## Your instructions
Below are records; quote them exactly from the first line through the line that contains "1:] ^ 2 + 4) * pderiv".

[Stored items from a collection]
lemma fibpoly_rank_dvd:
  assumes "prime_elem q" "0 < d" "q dvd fibpoly d" "q dvd fibpoly n"
    and "\<forall>k. 0 < k \<and> k < d \<longrightarrow> \<not> q dvd fibpoly k"
  shows "d dvd n"
proof -
  have "q dvd fibpoly (n mod d)" "n mod d < d"
    using prime_elem_dvd_fibpoly_mod[OF assms(1,3,4)] \<open>0 < d\<close> by simp_all
  then have "\<not> 0 < n mod d"
    using assms(5) by auto
  then show ?thesis
    by (simp add: mod_greater_zero_iff_not_dvd)
qed

lemma fibpoly_cassini:
  "fibpoly (n + 1) ^ 2 - [:0, 1:] * fibpoly (n + 1) * fibpoly n - fibpoly n ^ 2 = (-1) ^ n"
proof (induction n)
  case (Suc n)
  have "fibpoly (Suc n + 1) = [:0, 1:] * fibpoly (n + 1) + fibpoly n"
    by simp
  then show ?case
    using Suc.IH by (simp add: algebra_simps power2_eq_square)
qed simp

lemma pderiv_fibpoly:
  "([:0, 1:] ^ 2 + 4) * pderiv (fibpoly n) =
     2 * of_nat n * fibpoly (n + 1) - (of_nat n + 1) * [:0, 1:] * fibpoly n"
proof (induction n rule: fibpoly.induct)
  case (3 n)
  define x :: "int poly" where "x = [:0, 1:]"
  have rec: "fibpoly (Suc (Suc m)) = x * fibpoly (Suc m) + fibpoly m" for m
    by (simp add: x_def)
  have "pderiv x = 1"
    by (simp add: x_def pderiv_pCons)
  then have "(x ^ 2 + 4) * pderiv (fibpoly (Suc (Suc n))) =
      (x ^ 2 + 4) * fibpoly (Suc n) + x * ((x ^ 2 + 4) * pderiv (fibpoly (Suc n)))
      + (x ^ 2 + 4) * pderiv (fibpoly n)"
    by (simp only: rec pderiv_add pderiv_mult) (simp add: algebra_simps)
  also have "\<dots> = 2 * of_nat (Suc (Suc n)) * fibpoly (Suc (Suc n) + 1)
      - (of_nat (Suc (Suc n)) + 1) * x * fibpoly (Suc (Suc n))"
    using "3.IH" by (simp only: x_def [symmetric])
      (simp del: fibpoly.simps add: rec algebra_simps power2_eq_square)
  finally show ?case
    by (simp only: x_def)
qed simp_all
lemma iterated_harmonic_lower:
  assumes "1 \<le> t"
  shows "ln t ^ k / fact k \<le> iterated_harmonic k t"
  using assms
proof (induction k arbitrary: t)
  case 0
  then show ?case by simp
next
  case (Suc k)
  have "1 / fact k * (ln t ^ Suc k / Suc k) \<le> iterated_harmonic (Suc k) t"
    unfolding iterated_harmonic.simps
    using Suc by (intro harmonic_transform_lower) auto
  then show ?case by (simp add: mult.commute)
qed

lemma iterated_harmonic_upper:
  assumes "1 \<le> t"
  shows "iterated_harmonic k t \<le> ln t ^ k / fact k + k * (1 + ln t) ^ (k - 1)"
  using assms
proof (induction k arbitrary: t)
  case 0
  then show ?case by simp
next
  case (Suc k)
  define b where "b = k * (1 + ln t) ^ (k - 1)"
  have "iterated_harmonic (Suc k) t \<le> 1 / fact k * (ln t ^ Suc k / Suc k + ln t ^ k) + b * (1 + ln t)"
    unfolding iterated_harmonic.simps
  proof (rule harmonic_transform_upper)
    fix s :: real assume "1 \<le> s" "s \<le> t"
    then have "k * (1 + ln s) ^ (k - 1) \<le> b"
      unfolding b_def by (intro mult_left_mono power_mono) auto
    then show "iterated_harmonic k s \<le> 1 / fact k * ln s ^ k + b"
      using Suc.IH[OF \<open>1 \<le> s\<close>] by simp
  qed (use Suc.prems in \<open>auto simp: b_def\<close>)
  moreover have "ln t ^ k / fact k \<le> (1 + ln t) ^ k"
  proof -
    have "ln t ^ k / fact k \<le> ln t ^ k" using Suc.prems by (simp add: divide_le_eq mult_le_cancel_left1)
    also have "\<dots> \<le> (1 + ln t) ^ k" using Suc.prems by (intro power_mono) auto
    finally show ?thesis .
  qed
  moreover have "b * (1 + ln t) = k * (1 + ln t) ^ k"
    unfolding b_def by (cases k) (simp_all add: mult.assoc mult.commute)
  ultimately show ?case by (simp add: algebra_simps)
qed
definition cobd :: "('x, 'v::ab_group_add) pcomp \<Rightarrow> ('x list \<Rightarrow> 'v) \<Rightarrow> nat \<Rightarrow> ('x list \<Rightarrow> 'v) \<Rightarrow> 'x list \<Rightarrow> 'v" where
  "cobd cmp mu n f = (\<lambda>xs. cmp mu 2 n f xs + (\<Sum>i = 1..n. sgnv (int i) (cmp f i 2 mu xs))
                            + sgnv (int n + 1) (cmp mu 1 n f xs))"

definition cupp :: "('x, 'v) pcomp \<Rightarrow> ('x list \<Rightarrow> 'v) \<Rightarrow> ('x list \<Rightarrow> 'v) \<Rightarrow> nat \<Rightarrow> ('x list \<Rightarrow> 'v) \<Rightarrow> nat \<Rightarrow> 'x list \<Rightarrow> 'v" where
  "cupp cmp mu f m g n = cmp (cmp mu 1 m f) (m + 1) n g"

definition circbar :: "('x, 'v::ab_group_add) pcomp \<Rightarrow> ('x list \<Rightarrow> 'v) \<Rightarrow> nat \<Rightarrow> ('x list \<Rightarrow> 'v) \<Rightarrow> nat \<Rightarrow> 'x list \<Rightarrow> 'v" where
  "circbar cmp f m g n = (\<lambda>xs. sgnv ((int m - 1) * (int n - 1))
      (\<Sum>i = 1..m. sgnv ((int n - 1) * (int i - 1)) (cmp f i n g xs)))"

definition gbracket :: "('x, 'v::ab_group_add) pcomp \<Rightarrow> ('x list \<Rightarrow> 'v) \<Rightarrow> nat \<Rightarrow> ('x list \<Rightarrow> 'v) \<Rightarrow> nat \<Rightarrow> 'x list \<Rightarrow> 'v" where
  "gbracket cmp f m g n = (\<lambda>xs. circbar cmp f m g n xs
      - sgnv ((int m - 1) * (int n - 1)) (circbar cmp g n f m xs))"

end

theory Submission
  imports Defs
begin
(* Let $q=3^r>3$, and let $$\bar f_2(x_1,x_2)=t\bigl(x_1^{q-4}+x_2^{q-2}\bigr).$$ Then the polynomial $t\bigl(\bar f_2(x_1,x_2)+x_3^{q-2}\bigr)\in\mathbb{F}_q[x_1,x_2,x_3]$, reduced modulo $x_j^q-x_j$, has degree $3(q-2)$.
   Context: $\mathbb{F}_q$ is the finite field with $q$ elements, and $$t(x)=x+\sum_{k=0}^{q-2}x^k\in\mathbb{F}_q[x];$$ this polynomial swaps $0$ and $1$ and fixes every other element. Degree means the total degree of the reduced representative (degree $<q$ in each variable). *)

theory Defs
  imports Main "HOL-Library.Cardinality"
begin

text \<open>The polynomial t(x) = x + sum_{k=0}^{q-2} x^k over the finite field with q = CARD('a)
  elements, viewed via its evaluation map (0^0 = 1).\<close>
definition tpoly :: "'a::{finite,field} \<Rightarrow> 'a" where
  "tpoly x = x + (\<Sum>k \<in> {0 .. CARD('a) - 2}. x ^ k)"

text \<open>c is the coefficient array of a reduced polynomial in F_q[x1,x2,x3]
  (degree < q in each variable) whose evaluation map is f.\<close>
definition is_reduced_rep ::
  "(nat \<Rightarrow> nat \<Rightarrow> nat \<Rightarrow> 'a::{finite,field}) \<Rightarrow> ('a \<Rightarrow> 'a \<Rightarrow> 'a \<Rightarrow> 'a) \<Rightarrow> bool" where
  "is_reduced_rep c f \<longleftrightarrow>
     (\<forall>i j k. c i j k \<noteq> 0 \<longrightarrow> i < CARD('a) \<and> j < CARD('a) \<and> k < CARD('a)) \<and>
     (\<forall>x y z. f x y z =
        (\<Sum>i<CARD('a). \<Sum>j<CARD('a). \<Sum>k<CARD('a). c i j k * x ^ i * y ^ j * z ^ k))"

definition reduced_coeffs ::
  "('a::{finite,field} \<Rightarrow> 'a \<Rightarrow> 'a \<Rightarrow> 'a) \<Rightarrow> nat \<Rightarrow> nat \<Rightarrow> nat \<Rightarrow> 'a" where
  "reduced_coeffs f = (THE c. is_reduced_rep c f)"

definition reduced_degree :: "('a::{finite,field} \<Rightarrow> 'a \<Rightarrow> 'a \<Rightarrow> 'a) \<Rightarrow> nat" where
  "reduced_degree f = Max {i + j + k | i j k. reduced_coeffs f i j k \<noteq> 0}"

end

theory Submission
  imports Defs "HOL-Computational_Algebra.Polynomial"
begin

text \<open>
  By orthogonality of power sums over \<open>\<bbbF>\<^sub>q\<close>, the coefficient of \<open>x\<^sup>i y\<^sup>j z\<^sup>k\<close>
  (\<open>0 < i, j, k < q\<close>) in the reduced representative of \<open>f\<close> is
  \<open>-\<Sum> f(x,y,z) x\<^sup>q\<^sup>-\<^sup>1\<^sup>-\<^sup>i y\<^sup>q\<^sup>-\<^sup>1\<^sup>-\<^sup>j z\<^sup>q\<^sup>-\<^sup>1\<^sup>-\<^sup>k\<close>.
  As functions \<open>x\<^sup>q\<^sup>-\<^sup>2 = 1/x\<close> and \<open>x\<^sup>q\<^sup>-\<^sup>4 = 1/x\<^sup>3\<close> (with \<open>1/0 = 0\<close>), and in
  characteristic 3 the maps \<open>x \<mapsto> 1/x\<^sup>3\<close>, \<open>y \<mapsto> 1/y\<close>, \<open>z \<mapsto> 1/z\<close> are bijections.
  If \<open>i + j + k > 3(q - 2)\<close>, some exponent equals \<open>q - 1\<close>, so one variable is summed
  against \<open>1\<close>; the resulting partial sum of \<open>f\<close> no longer depends on a second variable,
  whose moment then vanishes. For \<open>i = j = k = q - 2\<close> the sum \<open>\<Sum> f(x,y,z) x y z\<close> is
  evaluated with \<open>t(w) = w + [w = 0] - [w = 1]\<close> and partial fractions; it is \<open>-14 = 1\<close>.
\<close>

section \<open>Power sums over a finite field\<close>

lemma of_nat_card_eq_0: "of_nat CARD('a::{finite,field}) = (0::'a)"
proof -
  have "(\<Sum>x\<in>UNIV. (x::'a) + 1) = (\<Sum>x\<in>UNIV. x)"
    by (rule sum.reindex_bij_witness[where i="\<lambda>x. x - 1" and j="\<lambda>x. x + 1"]) auto
  then show ?thesis by (simp add: sum.distrib)
qed

lemma card_field_ge_2: "2 \<le> CARD('a::{finite,field})"
proof -
  have "card {0::'a, 1} \<le> CARD('a)" by (intro card_mono) auto
  then show ?thesis by simp
qed

lemma power_card_minus_1_eq_1:
  fixes a :: "'a::{finite,field}"
  assumes "a \<noteq> 0"
  shows "a ^ (CARD('a) - 1) = 1"
proof -
  let ?U = "UNIV - {0::'a}"
  have "(\<Prod>x\<in>?U. a * x) = (\<Prod>x\<in>?U. x)"
    by (rule prod.reindex_bij_witness[where i="\<lambda>x. x / a" and j="\<lambda>x. a * x"]) (use assms in auto)
  moreover have "(\<Prod>x\<in>?U. a * x) = a ^ (CARD('a) - 1) * (\<Prod>x\<in>?U. x)"
    by (simp add: prod.distrib card_Diff_singleton)
  ultimately show ?thesis by simp
qed

lemma power_card_eq_self: "x ^ CARD('a) = (x::'a::{finite,field})"
proof (cases "x = 0")
  case False
  have "x ^ CARD('a) = x ^ (CARD('a) - 1) * x"
    using card_field_ge_2[where 'a='a] by (simp flip: power_Suc2)
  then show ?thesis using power_card_minus_1_eq_1[OF False] by simp
qed simp

lemma power_eq_power_mod_card_minus_1:
  fixes x :: "'a::{finite,field}"
  assumes "x \<noteq> 0"
  shows "x ^ m = x ^ (m mod (CARD('a) - 1))"
proof -
  have "x ^ m = (x ^ (CARD('a) - 1)) ^ (m div (CARD('a) - 1)) * x ^ (m mod (CARD('a) - 1))"
    by (simp flip: power_mult power_add)
  then show ?thesis using power_card_minus_1_eq_1[OF assms] by simp
qed

lemma power_card_minus_1_minus:
  fixes x :: "'a::{finite,field}"
  assumes "0 < k" "k < CARD('a) - 1"
  shows "x ^ (CARD('a) - 1 - k) = inverse (x ^ k)"
proof (cases "x = 0")
  case False
  have "x ^ (CARD('a) - 1 - k) * x ^ k = 1"
    using assms power_card_minus_1_eq_1[OF False] by (simp flip: power_add)
  then show ?thesis by (metis inverse_unique mult.commute)
qed (use assms in \<open>simp add: power_0_left\<close>)

text \<open>With \<open>k = m mod (q - 1)\<close>, \<open>0 < k < q - 1\<close>; the polynomial \<open>x\<^sup>k - 1\<close> has at most
  \<open>k\<close> roots, so it cannot vanish on all \<open>q - 1\<close> units.\<close>
lemma exists_power_neq_1:
  assumes "\<not> (CARD('a::{finite,field}) - 1) dvd m"
  shows "\<exists>a::'a. a \<noteq> 0 \<and> a ^ m \<noteq> 1"
proof (rule ccontr)
  define k where "k = m mod (CARD('a) - 1)"
  have k: "0 < k" "k < CARD('a) - 1"
    using assms card_field_ge_2[where 'a='a] by (simp_all add: k_def mod_greater_zero_iff_not_dvd)
  assume "\<not> ?thesis"
  then have "x ^ k = 1" if "x \<noteq> 0" for x :: 'a
    using that power_eq_power_mod_card_minus_1[OF that, of m] by (auto simp: k_def)
  then have roots: "UNIV - {0::'a} \<subseteq> {x. poly (monom 1 k - 1) x = 0}"
    by (auto simp: poly_monom)
  have "poly (monom (1::'a) k - 1) 0 \<noteq> 0"
    using k by (simp add: poly_monom power_0_left)
  then have "card {x. poly (monom (1::'a) k - 1) x = 0} \<le> k"
    using card_poly_roots_bound[of "monom (1::'a) k - 1"] degree_diff_le[of "monom (1::'a) k" k 1]
    by (force simp: degree_monom_le)
  moreover have "card (UNIV - {0::'a}) \<le> card {x. poly (monom (1::'a) k - 1) x = 0}"
    by (intro card_mono roots) simp
  ultimately show False using k by (simp add: card_Diff_singleton)
qed

lemma sum_UNIV_power:
  "(\<Sum>x\<in>UNIV. (x::'a::{finite,field}) ^ m) = (if 0 < m \<and> (CARD('a) - 1) dvd m then -1 else 0)"
proof (cases "0 < m \<and> (CARD('a) - 1) dvd m")
  case True
  then have "x ^ m = (if x = 0 then 0 else 1)" for x :: 'a
    using power_eq_power_mod_card_minus_1[of x m] by auto
  then have "(\<Sum>x\<in>UNIV. (x::'a) ^ m) = of_nat (CARD('a) - 1)"
    by (simp add: sum.If_cases Compl_eq_Diff_UNIV card_Diff_singleton)
  also have "\<dots> = -1"
    using of_nat_card_eq_0[where 'a='a] card_field_ge_2[where 'a='a] by (simp add: of_nat_diff)
  finally show ?thesis using True by simp
next
  case False
  show ?thesis
  proof (cases "m = 0")
    case True then show ?thesis using of_nat_card_eq_0[where 'a='a] by simp
  next
    case m: False
    then obtain a :: 'a where a: "a \<noteq> 0" "a ^ m \<noteq> 1"
      using exists_power_neq_1 False by blast
    have "(\<Sum>x\<in>UNIV. (a * x) ^ m) = (\<Sum>x\<in>UNIV. x ^ m)"
      by (rule sum.reindex_bij_witness[where i="\<lambda>x. x / a" and j="\<lambda>x. a * x"]) (use a in auto)
    then have "a ^ m * (\<Sum>x\<in>UNIV. x ^ m) = (\<Sum>x\<in>UNIV. x ^ m)"
      by (simp add: power_mult_distrib sum_distrib_left)
    then have "(a ^ m - 1) * (\<Sum>x\<in>UNIV. x ^ m) = 0"
      by (simp add: algebra_simps)
    then show ?thesis using a False by simp
  qed
qed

## Exercise answer
lemma fibpoly_rank_dvd:
  assumes "prime_elem q" "0 < d" "q dvd fibpoly d" "q dvd fibpoly n"
    and "\<forall>k. 0 < k \<and> k < d \<longrightarrow> \<not> q dvd fibpoly k"
  shows "d dvd n"
proof -
  have "q dvd fibpoly (n mod d)" "n mod d < d"
    using prime_elem_dvd_fibpoly_mod[OF assms(1,3,4)] \<open>0 < d\<close> by simp_all
  then have "\<not> 0 < n mod d"
    using assms(5) by auto
  then show ?thesis
    by (simp add: mod_greater_zero_iff_not_dvd)
qed

lemma fibpoly_cassini:
  "fibpoly (n + 1) ^ 2 - [:0, 1:] * fibpoly (n + 1) * fibpoly n - fibpoly n ^ 2 = (-1) ^ n"
proof (induction n)
  case (Suc n)
  have "fibpoly (Suc n + 1) = [:0, 1:] * fibpoly (n + 1) + fibpoly n"
    by simp
  then show ?case
    using Suc.IH by (simp add: algebra_simps power2_eq_square)
qed simp

lemma pderiv_fibpoly:
  "([:0, 1:] ^ 2 + 4) * pderiv (fibpoly n) =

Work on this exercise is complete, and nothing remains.